Material provided
(* Let $A^*\in\mathbb C^{N\times n}$ be isometric ($AA^*=I_n$), $x_0\in\mathbb C^n\setminus\{0\}$, $b=|A^*x_0|$, and let $\mathcal F(x)=A\big(b\odot\frac{A^*x}{|A^*x|}\big)$. Suppose $$\lambda_2:=\max\{\|\Im(B^*u)\|:\ u\in\mathbb C^n,\ \langle iu,x_0\rangle=0,\ \|u\|=1\}<1.$$ Then for every $0<\epsilon<1-\lambda_2^2$ there is a neighborhood of $x_0$ such that for every $x^{(1)}$ in it, the iterates $x^{(k+1)}=\mathcal F^k(x^{(1)})$ satisfy $$\|\alpha^{(k+1)}x^{(k+1)}-x_0\|\le(\lambda_2^2+\epsilon)\|\alpha^{(k)}x^{(k)}-x_0\|\quad\text{for all }k\ge1,$$ where $\alpha^{(k)}:=\arg\min\{\|\alpha x^{(k)}-x_0\|:\alpha\in\mathbb C,\ |\alpha|=1\}$. In particular $\alpha^{(k)}x^{(k)}\to x_0$ geometrically.
   Context: $|y|$ is the componentwise modulus, $\odot$ the componentwise product, $y/|y|$ the componentwise quotient with convention $y(j)/|y(j)|=1$ if $y(j)=0$. $B:=A\,\mathrm{diag}\big(\frac{A^*x_0}{|A^*x_0|}\big)$. The real inner product on $\mathbb C^n$ is $\langle u,v\rangle=\Re(u^*v)$. *)

theory Defs
  imports "HOL-Analysis.Analysis"
begin

definition cadj :: "complex^'n^'m \<Rightarrow> complex^'m^'n" where
  "cadj M = (\<chi> i j. cnj (M $ j $ i))"

definition cabsv :: "complex^'n \<Rightarrow> complex^'n" where
  "cabsv y = (\<chi> j. complex_of_real (cmod (y $ j)))"

definition phasev :: "complex^'n \<Rightarrow> complex^'n" where
  "phasev y = (\<chi> j. if y $ j = 0 then 1 else y $ j / complex_of_real (cmod (y $ j)))"

definition hadamard :: "complex^'n \<Rightarrow> complex^'n \<Rightarrow> complex^'n" where
  "hadamard u v = (\<chi> j. u $ j * v $ j)"

definition cdiag :: "complex^'n \<Rightarrow> complex^'n^'n" where
  "cdiag d = (\<chi> i j. if i = j then d $ i else 0)"

definition Imv :: "complex^'n \<Rightarrow> real^'n" where
  "Imv y = (\<chi> j. Im (y $ j))"

definition rinner :: "complex^'n \<Rightarrow> complex^'n \<Rightarrow> real" where
  "rinner u v = Re (\<Sum>j\<in>UNIV. cnj (u $ j) * v $ j)"

definition Fmap :: "complex^'N^'n \<Rightarrow> complex^'n \<Rightarrow> complex^'n \<Rightarrow> complex^'n" where
  "Fmap A x0 x = A *v hadamard (cabsv (cadj A *v x0)) (phasev (cadj A *v x))"

definition Bmat :: "complex^'N^'n \<Rightarrow> complex^'n \<Rightarrow> complex^'N^'n" where
  "Bmat A x0 = A ** cdiag (phasev (cadj A *v x0))"

text \<open>lambda_2 (the maximum over a compact set, written as a supremum).\<close>
definition lambda2 :: "complex^'N^'n \<Rightarrow> complex^'n \<Rightarrow> real" where
  "lambda2 A x0 = Sup {norm (Imv (cadj (Bmat A x0) *v u)) | u.
       rinner (\<i> *s u) x0 = 0 \<and> norm u = 1}"

definition align_set :: "complex^'n \<Rightarrow> complex^'n \<Rightarrow> complex set" where
  "align_set x0 x = {\<alpha>. cmod \<alpha> = 1 \<and>
       (\<forall>\<beta>. cmod \<beta> = 1 \<longrightarrow> norm (\<alpha> *s x - x0) \<le> norm (\<beta> *s x - x0))}"

end

theory Submission
  imports Defs
begin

Task
Starting at the line that contains "(\<forall>\<beta>. cmod \<beta>", copy each line through the last one in the records, exactly, and output nothing else.

Response area
       (\<forall>\<beta>. cmod \<beta> = 1 \<longrightarrow> norm (\<alpha> *s x - x0) \<le> norm (\<beta> *s x - x0))}"

end

theory Submission
  imports Defs
begin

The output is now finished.